A modern backup plugin solves three problems at once:
- Automation, Scheduled backups run while you sleep.
- Off-site storage, Backups stored on Google Drive, Dropbox, Amazon S3, or the vendor’s cloud survive even if your host disappears.
- One-click restore, Rolling back a broken update should take a single click, not a support ticket.
How We Picked These Plugins
Every plugin on this list meets at least three of the following criteria: an active install base of 10,000+ on WordPress.org (for free plugins), regular updates compatible with the latest WordPress release, a documented restore path, and support for off-site storage. We weighted real-world install counts from the WordPress.org plugin directory, average ratings, and the maintainer’s track record over the past three years.
15 Best WordPress Backup Plugins in 2026
1. UpdraftPlus, Most Popular Free Backup Plugin
Active installs: 3,000,000+ | Rating: 4.8/5 (8,400+ reviews) | WordPress.org
UpdraftPlus is the default answer for most WordPress site owners. The free version handles scheduled backups, sends them to Google Drive, Dropbox, Amazon S3, Rackspace, FTP, or email, and restores everything from the WordPress dashboard.

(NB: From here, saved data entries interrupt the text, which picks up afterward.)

lemma has_derivative_zero_if_bigo_norm_sq:
  fixes f :: "'a::real_normed_vector \<Rightarrow> real"
  assumes "(\<lambda>x. f x - f a) \<in> O[at a](\<lambda>x. (norm (x - a))^2)"
  shows "(f has_derivative (\<lambda>_. 0)) (at a)"
proof -
  have "(\<lambda>x. f x - f a) \<in> o[at a](\<lambda>x. norm (x - a))"
    using assms norm_sq_smallo_norm by (rule landau_o.big_small_trans)
  then have "((\<lambda>x. (f x - f a) / norm (x - a)) \<longlongrightarrow> 0) (at a)"
    by (rule smalloD_tendsto)
  then have "((\<lambda>x. norm (f x - f a - 0) / norm (x - a)) \<longlongrightarrow> 0) (at a)"
    using tendsto_norm_zero by fastforce
  then show ?thesis by (simp add: has_derivative_iff_norm)
qed

text \<open>The difference quotient of \<open>\<phi>\<close> behaves like \<open>\<gamma> * sgn (x - a)\<close>, whose one-sided
  limits at \<open>a\<close> differ unless \<open>\<gamma> = 0\<close>.\<close>

lemma differentiable_cusp_coefficient_eq_0:
  fixes \<phi> :: "real \<Rightarrow> real"
  assumes "\<phi> differentiable (at a)"
    and "(\<lambda>x. \<phi> x - \<phi> a - \<gamma> * \<bar>x - a\<bar>) \<in> O[at a](\<lambda>x. (x - a)^2)"
  shows "\<gamma> = 0"
proof -
  obtain E where "(\<phi> has_real_derivative E) (at a)"
    using assms(1) real_differentiable_def by blast
  then have quotient: "((\<lambda>x. (\<phi> x - \<phi> a) / (x - a)) \<longlongrightarrow> E) (at a)"
    by (simp add: has_field_derivative_iff)
  have "(\<lambda>x. \<phi> x - \<phi> a - \<gamma> * \<bar>x - a\<bar>) \<in> o[at a](\<lambda>x. x - a)"
    using assms(2) norm_sq_smallo_norm[of a] by (simp add: landau_o.big_small_trans)
  then have "((\<lambda>x. (\<phi> x - \<phi> a - \<gamma> * \<bar>x - a\<bar>) / (x - a)) \<longlongrightarrow> 0) (at a)"
    by (rule smalloD_tendsto)
  with quotient have "((\<lambda>x. (\<phi> x - \<phi> a) / (x - a) - (\<phi> x - \<phi> a - \<gamma> * \<bar>x - a\<bar>) / (x - a)) \<longlongrightarrow> E - 0) (at a)"
    by (rule tendsto_diff)
  moreover have "(\<phi> x - \<phi> a) / (x - a) - (\<phi> x - \<phi> a - \<gamma> * \<bar>x - a\<bar>) / (x - a) = \<gamma> * sgn (x - a)"
    if "x \<noteq> a" for x
    using that by (simp add: diff_divide_distrib[symmetric] sgn_if abs_if field_simps)
  then have "\<forall>\<^sub>F x in at a. (\<phi> x - \<phi> a) / (x - a) - (\<phi> x - \<phi> a - \<gamma> * \<bar>x - a\<bar>) / (x - a) = \<gamma> * sgn (x - a)"
    by (auto simp: eventually_at_filter intro: always_eventually)
  ultimately have "((\<lambda>x. \<gamma> * sgn (x - a)) \<longlongrightarrow> E) (at a)"
    by (simp add: tendsto_cong)
  then have "((\<lambda>x. \<gamma> * sgn (x - a)) \<longlongrightarrow> E) (at_right a)" "((\<lambda>x. \<gamma> * sgn (x - a)) \<longlongrightarrow> E) (at_left a)"
    by (simp_all add: filterlim_at_split)
  moreover have "((\<lambda>x. \<gamma> * sgn (x - a)) \<longlongrightarrow> \<gamma>) (at_right a)"
    by (rule tendsto_eventually) (simp add: eventually_at_right_field gt_ex)
  moreover have "((\<lambda>x. \<gamma> * sgn (x - a)) \<longlongrightarrow> - \<gamma>) (at_left a)"
    by (rule tendsto_eventually) (simp add: eventually_at_left_field lt_ex)
  ultimately have "\<gamma> = E" "- \<gamma> = E"
    by (auto intro: tendsto_unique[OF trivial_limit_at_right_real] tendsto_unique[OF trivial_limit_at_left_real])
  then show ?thesis by simp
qed

lemma sqrt_sq_add_minus_bounds:
  fixes x t M :: real
  assumes "0 < t" "0 \<le> x" "x \<le> M"
  shows "x^2 / (M + 2*t) \<le> sqrt (x^2 + t^2) - t" "sqrt (x^2 + t^2) - t \<le> x^2 / (2*t)"
proof -
  define S where "S = sqrt (x^2 + t^2)"
  have prod: "(S - t) * (S + t) = x^2"
    using assms by (simp add: S_def algebra_simps flip: power2_eq_square)
  have "t \<le> S"
    unfolding S_def by (rule real_le_rsqrt) simp
  moreover have "S \<le> x + t"
    unfolding S_def using assms by (intro real_le_lsqrt) (simp_all add: power2_sum)
  ultimately have "(S - t) * (S + t) \<le> (S - t) * (M + 2*t)" "(S - t) * (2*t) \<le> (S - t) * (S + t)"
    using assms by (simp_all add: mult_left_mono)
  then show "x^2 / (M + 2*t) \<le> S - t" "S - t \<le> x^2 / (2*t)"
    using assms prod by (simp_all add: pos_divide_le_eq pos_le_divide_eq)
qed

lemma norm_sq_pair: "(norm (\<theta> - \<phi> :: real \<times> real))^2 = (fst \<theta> - fst \<phi>)^2 + (snd \<theta> - snd \<phi>)^2"
  by (cases \<theta>; cases \<phi>) (simp add: norm_Pair)

lemma hexagonal_form_nonneg: "0 \<le> (h1::real)^2 + h2^2 - h1 * h2"
proof -
  have "0 \<le> ((h1 - h2)^2 + h1^2 + h2^2) / 2" by simp
  also have "\<dots> = h1^2 + h2^2 - h1 * h2" by (simp add: power2_eq_square field_simps)
  finally show ?thesis .
qed

lemma hexdist_sq:
  "(hexdist \<theta> \<phi>)^2 = (fst \<theta> - fst \<phi>)^2 + (snd \<theta> - snd \<phi>)^2 - (fst \<theta> - fst \<phi>) * (snd \<theta> - snd \<phi>)"
  using hexagonal_form_nonneg[of "fst \<theta> - fst \<phi>" "snd \<theta> - snd \<phi>"] unfolding hexdist_def Let_def by simp

lemma hexdist_nonneg: "0 \<le> hexdist \<theta> \<phi>"
  using hexagonal_form_nonneg[of "fst \<theta> - fst \<phi>" "snd \<theta> - snd \<phi>"] unfolding hexdist_def Let_def by simp

lemma hexdist_bigtheta:
  fixes F :: "(real \<times> real) filter"
  shows "(\<lambda>\<theta>. hexdist \<theta> \<phi>) \<in> \<Theta>[F](\<lambda>\<theta>. norm (\<theta> - \<phi>))"
proof (rule bigthetaI'[of "1/2" "3/2"], simp, simp, intro always_eventually allI)
  fix \<theta> :: "real \<times> real"
  define h1 where "h1 = fst \<theta> - fst \<phi>"
  define h2 where "h2 = snd \<theta> - snd \<phi>"
  have hex: "(hexdist \<theta> \<phi>)^2 = h1^2 + h2^2 - h1 * h2" and nrm: "(norm (\<theta> - \<phi>))^2 = h1^2 + h2^2"
    by (simp_all add: hexdist_sq norm_sq_pair h1_def h2_def)
  have "2 * \<bar>h1 * h2\<bar> \<le> h1^2 + h2^2"
    using sum_squares_bound[of "\<bar>h1\<bar>" "\<bar>h2\<bar>"] by (simp add: abs_mult)
  then have "(1/2 * norm (\<theta> - \<phi>))^2 \<le> (hexdist \<theta> \<phi>)^2" "(hexdist \<theta> \<phi>)^2 \<le> (3/2 * norm (\<theta> - \<phi>))^2"
    unfolding hex power_mult_distrib nrm by (simp_all add: power2_eq_square abs_le_iff)
  then show "1/2 * norm (norm (\<theta> - \<phi>)) \<le> norm (hexdist \<theta> \<phi>) \<and> norm (hexdist \<theta> \<phi>) \<le> 3/2 * norm (norm (\<theta> - \<phi>))"
    using hexdist_nonneg[of \<theta> \<phi>] by (auto intro: power2_le_imp_le)
qed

The Premium tier adds incremental backups, multisite support, encryption, and database search-and-replace.
Pros: Robust free version, 13+ remote storage destinations, simple restore, large community.
Cons: Incremental backups, migration, and multisite require Premium.
Best for: Most WordPress sites looking for a reliable free backup with the option to upgrade later.
2. BlogVault, Best Premium Backup & Security
BlogVault is the agency favorite for sites that cannot afford downtime. Every backup is incremental and stored off your server on BlogVault’s cloud, with 365 days of history, staging environments, and a one-click restore that completes in minutes. Security scanning, malware removal, and uptime monitoring are bundled in.
Pros: Real-time incremental backups, off-site cloud storage included, 365-day history, built-in staging, security and malware scanning, works with any host.
Cons: No free version, annual subscription pricing.
Best for: Agencies, eCommerce stores, and high-traffic sites that need zero-downtime restores. Check BlogVault pricing →
3. All-in-One WP Migration and Backup, Easiest Site Migration
Active installs: 5,000,000+ | Rating: 4.6/5 | WordPress.org
Built by ServMask and trusted by 60M+ sites, this plugin exports your entire WordPress install, files, database, themes, plugins, into a single .wpress archive that you can re-import anywhere. Backups bypass server upload limits and the workflow is genuinely one-click.
Pros: No technical knowledge required, no server-side configuration, works on any host.
Cons: Free version caps import file size at 100MB; Unlimited extension is paid.
Best for: Site owners migrating to a new host or running periodic full-site snapshots.
4. Duplicator, Best for Backups + Site Cloning
Active installs: 1,000,000+ | Rating: 4.9/5 (4,800+ reviews) | WordPress.org
Duplicator packages your entire site into a portable archive and installer. The free version handles manual backups and migrations; Duplicator Pro adds scheduled cloud backups (Dropbox, Google Drive, OneDrive, Amazon S3), multisite, and a recovery point system for instant rollback.
Pros: Excellent for cloning, staging, and migrating, easy-to-use installer, recovery points.
Cons: Free version is manual-only; scheduling requires Pro.
Best for: Developers and freelancers who clone or migrate sites often.
5. WPvivid Backup, Free Cloud Backup & Staging
Active installs: 900,000+ | Rating: 4.8/5 | WordPress.org
WPvivid is one of the most generous free backup plugins available. The free version includes scheduled backups, remote storage (Dropbox, Google Drive, Amazon S3, FTP, SFTP), one-click site migration, and staging. The Pro version adds incremental backups, encryption, and white-label features.
Pros: Migration, staging, and remote storage all free; clean interface.
Cons: Premium features (incremental, encryption) cost extra.
Best for: Site owners who want a free all-in-one backup, migration, and staging solution.
6. Backuply, Lightweight & Storage-Friendly
Active installs: 700,000+ | WordPress.org
Built by Softaculous (the team behind the auto-installer used by most cPanel hosts), Backuply offers fast backups with a wide range of storage destinations, local, FTP, SFTP, WebDAV, Amazon S3, Google Drive, Dropbox, OneDrive, Backblaze B2, and more, without bloating your server.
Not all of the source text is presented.